§ **The task**
Repeat each line of the data exactly as written.

§ **Provided material**
============

lemma act_colim_germ:
  assumes i: "i \<in> D" and g: "g \<in> carrier G" and x: "x \<in> univ (M i)"
  shows "act_colim g (q i x) = q i (act i g x)"
proof -
  let ?P = "\<lambda>(j, y). (j, y) \<in> disj_union D M \<and> q j y = q i x"
  obtain j y where chosen: "(SOME p. ?P p) = (j, y)" by fastforce
  have "?P (j, y)"
    using someI_ex[of ?P] chosen i x by (force simp: disj_union_def)
  then have j: "j \<in> D" "y \<in> univ (M j)" "q j y = q i x" by (simp_all add: disj_union_def)
  then obtain k where k: "k \<in> D" "leq k j" "leq k i" "\<rho> k j y = \<rho> k i x"
    using germ_eq_iff[OF j(1) i j(2) x] by blast
  have "act_colim g (q i x) = q j (act j g y)"
    unfolding colim_act_def using germ_in_univ_colim[OF i x] by (simp add: chosen)
  also have "\<dots> = q i (act i g x)"
    using germ_eq_iff[OF j(1) i act_in_univ[OF j(1) g j(2)] act_in_univ[OF i g x]] k
      transition_act[OF j(1) k(1,2) g j(2)] transition_act[OF i k(1,3) g x] by auto
  finally show ?thesis .
qed

lemma group_action_colim: "group_action G (univ Colim) act_colim"
proof (rule group_actionI[OF group])
  fix g assume "g \<in> carrier G"
  show "act_colim g \<in> extensional (univ Colim)"
    by (simp add: colim_act_def extensional_def)
next
  fix g X assume "g \<in> carrier G" "X \<in> univ Colim"
  then show "act_colim g X \<in> univ Colim"
    by (auto elim!: univ_colimE simp: act_colim_germ act_in_univ germ_in_univ_colim)
next
  fix X assume "X \<in> univ Colim"
  then show "act_colim \<one>\<^bsub>G\<^esub> X = X"
    by (auto elim!: univ_colimE simp: act_colim_germ act_one group.is_monoid[OF group])
next
  fix g h X assume g: "g \<in> carrier G" and h: "h \<in> carrier G" and "X \<in> univ Colim"
  then obtain i x where i: "i \<in> D" "x \<in> univ (M i)" "X = q i x" by (elim univ_colimE)
  have "g \<otimes>\<^bsub>G\<^esub> h \<in> carrier G" using g h group by (simp add: group.is_monoid monoid.m_closed)
  then show "act_colim (g \<otimes>\<^bsub>G\<^esub> h) X = act_colim g (act_colim h X)"
    using g h i by (simp add: act_colim_germ act_in_univ act_mult)
qed

lemma act_colim_const_int_closed:
  assumes g: "g \<in> carrier G"
  shows "act_colim g ` (const_int Colim ` const_syms L) \<subseteq> const_int Colim ` const_syms L"
proof
  obtain i where i: "i \<in> D" using index_nonempty by blast
  fix Y assume "Y \<in> act_colim g ` (const_int Colim ` const_syms L)"
  then obtain c where c: "c \<in> const_syms L" "Y = act_colim g (const_int Colim c)" by blast
  obtain c' where c': "c' \<in> const_syms L" "act i g (const_int (M i) c) = const_int (M i) c'"
    using G_structure_stage[OF i] g c(1) unfolding G_structure_def by blast
  have "const_int (M i) c \<in> univ (M i)"
    using is_structure_stage[OF i] c(1) unfolding is_structure_def by blast
  then have "Y = const_int Colim c'"
    using c c' i g by (simp add: const_int_colim act_colim_germ)
  then show "Y \<in> const_int Colim ` const_syms L" using c'(1) by blast
qed

lemma act_colim_rel_int_closed:
  assumes R: "R \<in> rel_syms L" and Xs: "Xs \<in> rel_int Colim R"
    and gs: "length gs = length Xs" "set gs \<subseteq> carrier G"
  shows "map (\<lambda>(g, X). act_colim g X) (zip gs Xs) \<in> rel_int Colim R"
proof -
  obtain i xs where i: "i \<in> D" "xs \<in> rel_int (M i) R" "Xs = map (q i) xs"
    using Xs unfolding rel_int_colim by blast
  have xs: "set xs \<subseteq> univ (M i)"
    using is_structure_stage[OF i(1)] R i(2) unfolding is_structure_def tuples_def by blast
  have "act_colim g (q i x) = q i (act i g x)" if "(g, x) \<in> set (zip gs xs)" for g x
    using set_zip_leftD[OF that] set_zip_rightD[OF that] gs(2) xs act_colim_germ[OF i(1)] by blast
  then have "map (\<lambda>(g, X). act_colim g X) (zip gs Xs) = map (q i) (map (\<lambda>(g, x). act i g x) (zip gs xs))"
    unfolding i(3) zip_map2 map_map by (auto simp: comp_def)
  moreover have "map (\<lambda>(g, x). act i g x) (zip gs xs) \<in> rel_int (M i) R"
    using G_structure_stage[OF i(1)] i R gs unfolding G_structure_def by auto
  ultimately show ?thesis
    unfolding rel_int_colim using i(1) by blast
qed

============

§ **Answer area**
lemma act_colim_germ:
  assumes i: "i \<in> D" and g: "g \<in> carrier G" and x: "x \<in> univ (M i)"
  shows "act_colim g (q i x) = q i (act i g x)"
proof -
  let ?P = "\<lambda>(j, y). (j, y) \<in> disj_union D M \<and> q j y = q i x"
  obtain j y where chosen: "(SOME p. ?P p) = (j, y)" by fastforce
  have "?P (j, y)"
    using someI_ex[of ?P] chosen i x by (force simp: disj_union_def)
  then have j: "j \<in> D" "y \<in> univ (M j)" "q j y = q i x" by (simp_all add: disj_union_def)
  then obtain k where k: "k \<in> D" "leq k j" "leq k i" "\<rho> k j y = \<rho> k i x"
    using germ_eq_iff[OF j(1) i j(2) x] by blast
  have "act_colim g (q i x) = q j (act j g y)"
    unfolding colim_act_def using germ_in_univ_colim[OF i x] by (simp add: chosen)
  also have "\<dots> = q i (act i g x)"
    using germ_eq_iff[OF j(1) i act_in_univ[OF j(1) g j(2)] act_in_univ[OF i g x]] k
      transition_act[OF j(1) k(1,2) g j(2)] transition_act[OF i k(1,3) g x] by auto
  finally show ?thesis .
qed

lemma group_action_colim: "group_action G (univ Colim) act_colim"
proof (rule group_actionI[OF group])
  fix g assume "g \<in> carrier G"
  show "act_colim g \<in> extensional (univ Colim)"
    by (simp add: colim_act_def extensional_def)
next
  fix g X assume "g \<in> carrier G" "X \<in> univ Colim"
  then show "act_colim g X \<in> univ Colim"
    by (auto elim!: univ_colimE simp: act_colim_germ act_in_univ germ_in_univ_colim)
next
  fix X assume "X \<in> univ Colim"
  then show "act_colim \<one>\<^bsub>G\<^esub> X = X"
    by (auto elim!: univ_colimE simp: act_colim_germ act_one group.is_monoid[OF group])
next
  fix g h X assume g: "g \<in> carrier G" and h: "h \<in> carrier G" and "X \<in> univ Colim"
  then obtain i x where i: "i \<in> D" "x \<in> univ (M i)" "X = q i x" by (elim univ_colimE)
  have "g \<otimes>\<^bsub>G\<^esub> h \<in> carrier G" using g h group by (simp add: group.is_monoid monoid.m_closed)
  then show "act_colim (g \<otimes>\<^bsub>G\<^esub> h) X = act_colim g (act_colim h X)"
    using g h i by (simp add: act_colim_germ act_in_univ act_mult)
qed

lemma act_colim_const_int_closed:
  assumes g: "g \<in> carrier G"
  shows "act_colim g ` (const_int Colim ` const_syms L) \<subseteq> const_int Colim ` const_syms L"
proof
  obtain i where i: "i \<in> D" using index_nonempty by blast
  fix Y assume "Y \<in> act_colim g ` (const_int Colim ` const_syms L)"
  then obtain c where c: "c \<in> const_syms L" "Y = act_colim g (const_int Colim c)" by blast
  obtain c' where c': "c' \<in> const_syms L" "act i g (const_int (M i) c) = const_int (M i) c'"
    using G_structure_stage[OF i] g c(1) unfolding G_structure_def by blast
  have "const_int (M i) c \<in> univ (M i)"
    using is_structure_stage[OF i] c(1) unfolding is_structure_def by blast
  then have "Y = const_int Colim c'"
    using c c' i g by (simp add: const_int_colim act_colim_germ)
  then show "Y \<in> const_int Colim ` const_syms L" using c'(1) by blast
qed

lemma act_colim_rel_int_closed:
  assumes R: "R \<in> rel_syms L" and Xs: "Xs \<in> rel_int Colim R"
    and gs: "length gs = length Xs" "set gs \<subseteq> carrier G"
  shows "map (\<lambda>(g, X). act_colim g X) (zip gs Xs) \<in> rel_int Colim R"
proof -
  obtain i xs where i: "i \<in> D" "xs \<in> rel_int (M i) R" "Xs = map (q i) xs"
    using Xs unfolding rel_int_colim by blast
  have xs: "set xs \<subseteq> univ (M i)"
    using is_structure_stage[OF i(1)] R i(2) unfolding is_structure_def tuples_def by blast
  have "act_colim g (q i x) = q i (act i g x)" if "(g, x) \<in> set (zip gs xs)" for g x
    using set_zip_leftD[OF that] set_zip_rightD[OF that] gs(2) xs act_colim_germ[OF i(1)] by blast
  then have "map (\<lambda>(g, X). act_colim g X) (zip gs Xs) = map (q i) (map (\<lambda>(g, x). act i g x) (zip gs xs))"
    unfolding i(3) zip_map2 map_map by (auto simp: comp_def)
  moreover have "map (\<lambda>(g, x). act i g x) (zip gs xs) \<in> rel_int (M i) R"
    using G_structure_stage[OF i(1)] i R gs unfolding G_structure_def by auto
  ultimately show ?thesis
    unfolding rel_int_colim using i(1) by blast
qed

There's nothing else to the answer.